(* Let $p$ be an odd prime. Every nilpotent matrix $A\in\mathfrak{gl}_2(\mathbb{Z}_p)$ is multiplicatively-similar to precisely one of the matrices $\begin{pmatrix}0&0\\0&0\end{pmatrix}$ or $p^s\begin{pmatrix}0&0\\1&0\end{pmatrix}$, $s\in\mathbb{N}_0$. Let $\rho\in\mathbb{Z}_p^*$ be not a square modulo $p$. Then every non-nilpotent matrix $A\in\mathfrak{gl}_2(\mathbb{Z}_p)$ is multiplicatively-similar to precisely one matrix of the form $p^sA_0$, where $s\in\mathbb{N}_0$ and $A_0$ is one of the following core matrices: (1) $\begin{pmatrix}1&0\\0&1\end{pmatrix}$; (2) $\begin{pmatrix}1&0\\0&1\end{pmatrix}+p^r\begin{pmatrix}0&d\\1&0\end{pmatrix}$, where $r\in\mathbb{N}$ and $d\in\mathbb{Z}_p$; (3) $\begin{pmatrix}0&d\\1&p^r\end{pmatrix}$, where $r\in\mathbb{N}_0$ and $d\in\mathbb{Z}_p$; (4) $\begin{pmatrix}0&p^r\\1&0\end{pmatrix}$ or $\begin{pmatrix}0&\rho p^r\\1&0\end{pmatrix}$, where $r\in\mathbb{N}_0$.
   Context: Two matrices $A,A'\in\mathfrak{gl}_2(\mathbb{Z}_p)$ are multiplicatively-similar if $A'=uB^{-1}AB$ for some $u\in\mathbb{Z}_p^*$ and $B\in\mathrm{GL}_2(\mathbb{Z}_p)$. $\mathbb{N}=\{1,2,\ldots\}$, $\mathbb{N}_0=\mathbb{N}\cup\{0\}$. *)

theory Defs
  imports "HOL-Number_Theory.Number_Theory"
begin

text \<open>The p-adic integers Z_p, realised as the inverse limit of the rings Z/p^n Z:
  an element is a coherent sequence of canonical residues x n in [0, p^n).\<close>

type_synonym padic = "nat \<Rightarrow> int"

•••

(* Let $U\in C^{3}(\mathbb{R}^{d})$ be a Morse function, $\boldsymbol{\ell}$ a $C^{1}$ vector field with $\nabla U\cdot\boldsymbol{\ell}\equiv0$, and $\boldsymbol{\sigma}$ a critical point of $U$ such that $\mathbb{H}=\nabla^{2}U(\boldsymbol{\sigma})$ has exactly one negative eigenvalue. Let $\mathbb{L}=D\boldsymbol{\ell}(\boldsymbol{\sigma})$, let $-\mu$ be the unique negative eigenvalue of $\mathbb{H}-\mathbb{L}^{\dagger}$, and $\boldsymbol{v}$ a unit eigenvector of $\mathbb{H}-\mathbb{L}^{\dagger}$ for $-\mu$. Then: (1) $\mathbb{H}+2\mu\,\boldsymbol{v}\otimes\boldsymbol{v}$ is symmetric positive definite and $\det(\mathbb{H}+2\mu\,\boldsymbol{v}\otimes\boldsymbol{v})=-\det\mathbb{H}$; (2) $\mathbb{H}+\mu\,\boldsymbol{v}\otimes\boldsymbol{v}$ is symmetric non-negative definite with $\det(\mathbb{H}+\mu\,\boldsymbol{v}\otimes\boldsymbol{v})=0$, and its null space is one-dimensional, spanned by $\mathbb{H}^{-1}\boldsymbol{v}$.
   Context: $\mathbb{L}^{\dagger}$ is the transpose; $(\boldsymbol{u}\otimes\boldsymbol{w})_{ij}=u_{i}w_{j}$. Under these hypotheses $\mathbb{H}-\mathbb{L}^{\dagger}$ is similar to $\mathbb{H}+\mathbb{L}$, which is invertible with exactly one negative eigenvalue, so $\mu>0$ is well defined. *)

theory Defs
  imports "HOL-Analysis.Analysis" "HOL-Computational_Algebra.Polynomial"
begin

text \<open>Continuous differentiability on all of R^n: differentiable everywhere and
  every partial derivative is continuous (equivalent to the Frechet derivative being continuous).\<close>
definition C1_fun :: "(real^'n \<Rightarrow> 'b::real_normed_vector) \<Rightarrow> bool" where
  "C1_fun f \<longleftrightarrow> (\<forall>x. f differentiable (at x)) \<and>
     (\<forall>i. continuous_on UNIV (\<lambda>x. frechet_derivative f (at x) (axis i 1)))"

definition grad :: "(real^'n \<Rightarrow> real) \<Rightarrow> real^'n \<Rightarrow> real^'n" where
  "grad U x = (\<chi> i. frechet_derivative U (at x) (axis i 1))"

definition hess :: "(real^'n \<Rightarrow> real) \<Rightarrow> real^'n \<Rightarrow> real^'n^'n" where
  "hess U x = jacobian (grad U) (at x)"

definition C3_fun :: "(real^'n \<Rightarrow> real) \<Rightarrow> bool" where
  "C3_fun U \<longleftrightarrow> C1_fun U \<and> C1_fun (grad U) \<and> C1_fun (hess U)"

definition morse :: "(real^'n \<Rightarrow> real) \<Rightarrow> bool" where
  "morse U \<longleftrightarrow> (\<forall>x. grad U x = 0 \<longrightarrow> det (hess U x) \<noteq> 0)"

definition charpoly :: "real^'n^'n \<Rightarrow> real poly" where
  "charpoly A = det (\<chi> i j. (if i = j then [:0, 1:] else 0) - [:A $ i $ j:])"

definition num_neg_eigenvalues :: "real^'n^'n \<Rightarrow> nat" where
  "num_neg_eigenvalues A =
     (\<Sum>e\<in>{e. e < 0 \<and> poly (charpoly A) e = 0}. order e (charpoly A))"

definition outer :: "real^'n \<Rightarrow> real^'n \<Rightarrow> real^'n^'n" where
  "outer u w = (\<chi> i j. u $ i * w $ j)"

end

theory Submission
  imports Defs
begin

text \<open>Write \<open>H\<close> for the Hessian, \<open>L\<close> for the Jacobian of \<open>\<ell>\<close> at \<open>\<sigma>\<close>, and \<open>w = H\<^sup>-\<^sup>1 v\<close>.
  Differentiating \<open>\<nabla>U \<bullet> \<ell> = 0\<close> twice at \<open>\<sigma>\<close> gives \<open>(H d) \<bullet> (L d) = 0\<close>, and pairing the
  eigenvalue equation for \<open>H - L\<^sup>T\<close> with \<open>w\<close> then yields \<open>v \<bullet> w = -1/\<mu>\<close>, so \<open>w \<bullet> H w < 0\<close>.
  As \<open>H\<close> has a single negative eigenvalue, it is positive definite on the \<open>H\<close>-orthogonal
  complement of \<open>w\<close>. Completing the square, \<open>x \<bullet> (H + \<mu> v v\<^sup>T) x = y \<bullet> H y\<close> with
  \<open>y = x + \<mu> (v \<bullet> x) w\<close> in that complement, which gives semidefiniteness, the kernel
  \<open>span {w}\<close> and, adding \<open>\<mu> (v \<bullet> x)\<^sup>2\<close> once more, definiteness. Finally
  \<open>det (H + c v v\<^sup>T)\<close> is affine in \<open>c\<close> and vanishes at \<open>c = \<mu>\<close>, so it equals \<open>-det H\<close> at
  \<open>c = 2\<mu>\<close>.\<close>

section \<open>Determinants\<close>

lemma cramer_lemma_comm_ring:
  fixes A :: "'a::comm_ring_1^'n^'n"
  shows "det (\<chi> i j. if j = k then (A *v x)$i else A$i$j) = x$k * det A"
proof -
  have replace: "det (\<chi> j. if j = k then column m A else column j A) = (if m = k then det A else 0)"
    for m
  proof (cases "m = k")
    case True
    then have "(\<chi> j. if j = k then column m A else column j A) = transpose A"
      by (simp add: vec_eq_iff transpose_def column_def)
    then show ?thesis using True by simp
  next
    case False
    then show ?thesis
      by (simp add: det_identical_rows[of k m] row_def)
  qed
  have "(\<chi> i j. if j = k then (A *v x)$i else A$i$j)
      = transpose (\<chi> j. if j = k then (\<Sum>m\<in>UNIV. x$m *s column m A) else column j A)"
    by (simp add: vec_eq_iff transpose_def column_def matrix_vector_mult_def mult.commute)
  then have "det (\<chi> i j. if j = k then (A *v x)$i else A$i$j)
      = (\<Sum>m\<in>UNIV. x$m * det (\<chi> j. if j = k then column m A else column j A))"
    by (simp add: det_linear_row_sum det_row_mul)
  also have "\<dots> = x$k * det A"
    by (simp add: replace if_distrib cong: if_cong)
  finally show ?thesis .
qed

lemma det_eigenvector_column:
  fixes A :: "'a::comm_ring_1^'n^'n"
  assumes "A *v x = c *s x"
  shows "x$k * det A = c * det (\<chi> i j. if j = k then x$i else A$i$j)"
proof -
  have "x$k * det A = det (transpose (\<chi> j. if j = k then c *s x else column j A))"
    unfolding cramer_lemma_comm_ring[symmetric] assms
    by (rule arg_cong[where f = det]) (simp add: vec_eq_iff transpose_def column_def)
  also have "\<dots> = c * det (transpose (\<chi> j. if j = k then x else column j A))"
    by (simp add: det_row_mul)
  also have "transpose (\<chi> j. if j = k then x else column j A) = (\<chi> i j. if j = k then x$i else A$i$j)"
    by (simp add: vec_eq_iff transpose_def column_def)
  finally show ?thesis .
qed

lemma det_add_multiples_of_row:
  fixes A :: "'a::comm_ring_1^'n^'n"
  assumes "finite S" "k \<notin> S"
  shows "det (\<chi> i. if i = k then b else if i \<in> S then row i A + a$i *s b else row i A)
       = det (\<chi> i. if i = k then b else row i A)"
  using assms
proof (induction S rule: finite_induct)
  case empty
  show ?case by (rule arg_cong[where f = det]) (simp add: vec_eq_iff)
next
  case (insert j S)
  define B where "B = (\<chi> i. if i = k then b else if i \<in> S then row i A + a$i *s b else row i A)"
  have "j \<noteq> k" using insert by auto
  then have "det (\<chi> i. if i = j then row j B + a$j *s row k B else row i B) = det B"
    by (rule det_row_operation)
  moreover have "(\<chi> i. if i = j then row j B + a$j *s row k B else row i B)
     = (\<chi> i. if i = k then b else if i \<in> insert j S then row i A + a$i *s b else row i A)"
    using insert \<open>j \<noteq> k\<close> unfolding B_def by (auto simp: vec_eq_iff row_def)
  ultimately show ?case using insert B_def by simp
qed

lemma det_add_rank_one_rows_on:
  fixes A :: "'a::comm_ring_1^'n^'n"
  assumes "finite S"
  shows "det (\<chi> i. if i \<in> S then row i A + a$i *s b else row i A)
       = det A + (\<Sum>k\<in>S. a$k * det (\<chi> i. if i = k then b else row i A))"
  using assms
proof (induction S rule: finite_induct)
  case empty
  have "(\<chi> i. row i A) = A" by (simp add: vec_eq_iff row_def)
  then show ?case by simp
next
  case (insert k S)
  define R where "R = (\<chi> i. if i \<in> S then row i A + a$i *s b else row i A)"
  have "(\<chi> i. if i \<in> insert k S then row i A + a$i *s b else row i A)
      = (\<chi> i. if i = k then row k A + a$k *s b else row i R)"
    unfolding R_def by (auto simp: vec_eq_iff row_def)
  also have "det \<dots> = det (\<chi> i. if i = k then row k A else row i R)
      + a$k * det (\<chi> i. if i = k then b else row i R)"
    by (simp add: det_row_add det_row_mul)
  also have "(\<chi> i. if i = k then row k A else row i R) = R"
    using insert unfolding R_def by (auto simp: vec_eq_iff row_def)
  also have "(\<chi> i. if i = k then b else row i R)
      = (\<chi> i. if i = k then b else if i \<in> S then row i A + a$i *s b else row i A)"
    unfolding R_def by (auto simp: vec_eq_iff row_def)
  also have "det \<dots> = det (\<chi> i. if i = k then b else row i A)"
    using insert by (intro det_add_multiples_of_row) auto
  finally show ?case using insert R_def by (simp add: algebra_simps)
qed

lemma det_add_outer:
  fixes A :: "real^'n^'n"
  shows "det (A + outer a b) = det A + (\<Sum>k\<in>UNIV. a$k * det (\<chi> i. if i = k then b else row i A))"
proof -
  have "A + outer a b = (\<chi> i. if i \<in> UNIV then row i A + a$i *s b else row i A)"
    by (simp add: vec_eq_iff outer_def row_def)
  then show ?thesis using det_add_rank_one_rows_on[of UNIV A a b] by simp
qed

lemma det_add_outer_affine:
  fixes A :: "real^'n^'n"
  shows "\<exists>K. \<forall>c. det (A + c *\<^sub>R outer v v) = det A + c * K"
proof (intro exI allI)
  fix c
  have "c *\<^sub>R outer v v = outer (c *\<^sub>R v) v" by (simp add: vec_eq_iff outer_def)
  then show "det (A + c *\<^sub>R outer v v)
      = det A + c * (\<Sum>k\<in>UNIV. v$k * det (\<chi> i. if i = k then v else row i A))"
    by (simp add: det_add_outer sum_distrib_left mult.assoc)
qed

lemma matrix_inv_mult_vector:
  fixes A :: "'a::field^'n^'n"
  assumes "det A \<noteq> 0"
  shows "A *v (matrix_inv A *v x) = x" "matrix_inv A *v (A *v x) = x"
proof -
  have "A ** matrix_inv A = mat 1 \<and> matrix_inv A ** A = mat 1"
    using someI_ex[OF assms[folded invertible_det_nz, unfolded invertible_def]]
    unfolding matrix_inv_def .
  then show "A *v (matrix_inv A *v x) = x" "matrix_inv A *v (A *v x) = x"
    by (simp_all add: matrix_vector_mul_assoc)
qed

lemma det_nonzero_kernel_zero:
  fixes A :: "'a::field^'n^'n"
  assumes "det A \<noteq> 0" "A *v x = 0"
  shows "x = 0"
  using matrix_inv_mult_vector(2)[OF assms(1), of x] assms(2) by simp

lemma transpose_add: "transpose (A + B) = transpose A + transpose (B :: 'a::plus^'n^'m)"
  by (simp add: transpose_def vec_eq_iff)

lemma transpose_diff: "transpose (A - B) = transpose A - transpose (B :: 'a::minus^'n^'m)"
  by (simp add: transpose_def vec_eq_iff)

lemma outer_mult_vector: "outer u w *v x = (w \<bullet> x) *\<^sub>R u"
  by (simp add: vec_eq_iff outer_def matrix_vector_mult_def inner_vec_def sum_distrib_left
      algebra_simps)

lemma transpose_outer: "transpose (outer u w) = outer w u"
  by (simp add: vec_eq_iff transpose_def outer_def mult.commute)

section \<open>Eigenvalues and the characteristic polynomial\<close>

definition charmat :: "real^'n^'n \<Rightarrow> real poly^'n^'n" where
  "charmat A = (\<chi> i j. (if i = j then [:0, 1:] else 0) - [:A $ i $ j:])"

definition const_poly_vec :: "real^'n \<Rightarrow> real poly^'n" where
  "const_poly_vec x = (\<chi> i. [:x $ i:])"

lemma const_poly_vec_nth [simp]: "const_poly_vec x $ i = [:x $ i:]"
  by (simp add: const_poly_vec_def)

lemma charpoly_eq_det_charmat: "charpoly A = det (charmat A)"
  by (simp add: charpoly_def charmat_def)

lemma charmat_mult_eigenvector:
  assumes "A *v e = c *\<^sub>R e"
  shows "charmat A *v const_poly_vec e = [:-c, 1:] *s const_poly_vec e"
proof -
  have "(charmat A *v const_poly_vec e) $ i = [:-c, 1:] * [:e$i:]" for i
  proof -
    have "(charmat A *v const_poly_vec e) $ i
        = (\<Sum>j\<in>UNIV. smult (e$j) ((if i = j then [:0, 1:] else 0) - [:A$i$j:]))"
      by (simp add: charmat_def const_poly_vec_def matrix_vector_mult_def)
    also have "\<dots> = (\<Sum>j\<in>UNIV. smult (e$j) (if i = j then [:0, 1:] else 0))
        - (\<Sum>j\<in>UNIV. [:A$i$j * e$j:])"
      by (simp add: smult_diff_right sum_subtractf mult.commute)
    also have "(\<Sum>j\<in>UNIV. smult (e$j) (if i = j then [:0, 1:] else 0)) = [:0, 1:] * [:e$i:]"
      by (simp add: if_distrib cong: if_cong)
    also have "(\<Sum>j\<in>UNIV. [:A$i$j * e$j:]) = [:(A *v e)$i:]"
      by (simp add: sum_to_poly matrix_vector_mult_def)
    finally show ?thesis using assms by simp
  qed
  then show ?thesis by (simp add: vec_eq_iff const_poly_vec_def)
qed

•••

## Task instructions
From the records above, retype only the lines starting at the line that contains "A = (\<chi> i" and ending at the line that contains "(\<chi> i. [:x", both included.

## Your response
  "charmat A = (\<chi> i j. (if i = j then [:0, 1:] else 0) - [:A $ i $ j:])"

definition const_poly_vec :: "real^'n \<Rightarrow> real poly^'n" where
  "const_poly_vec x = (\<chi> i. [:x $ i:])"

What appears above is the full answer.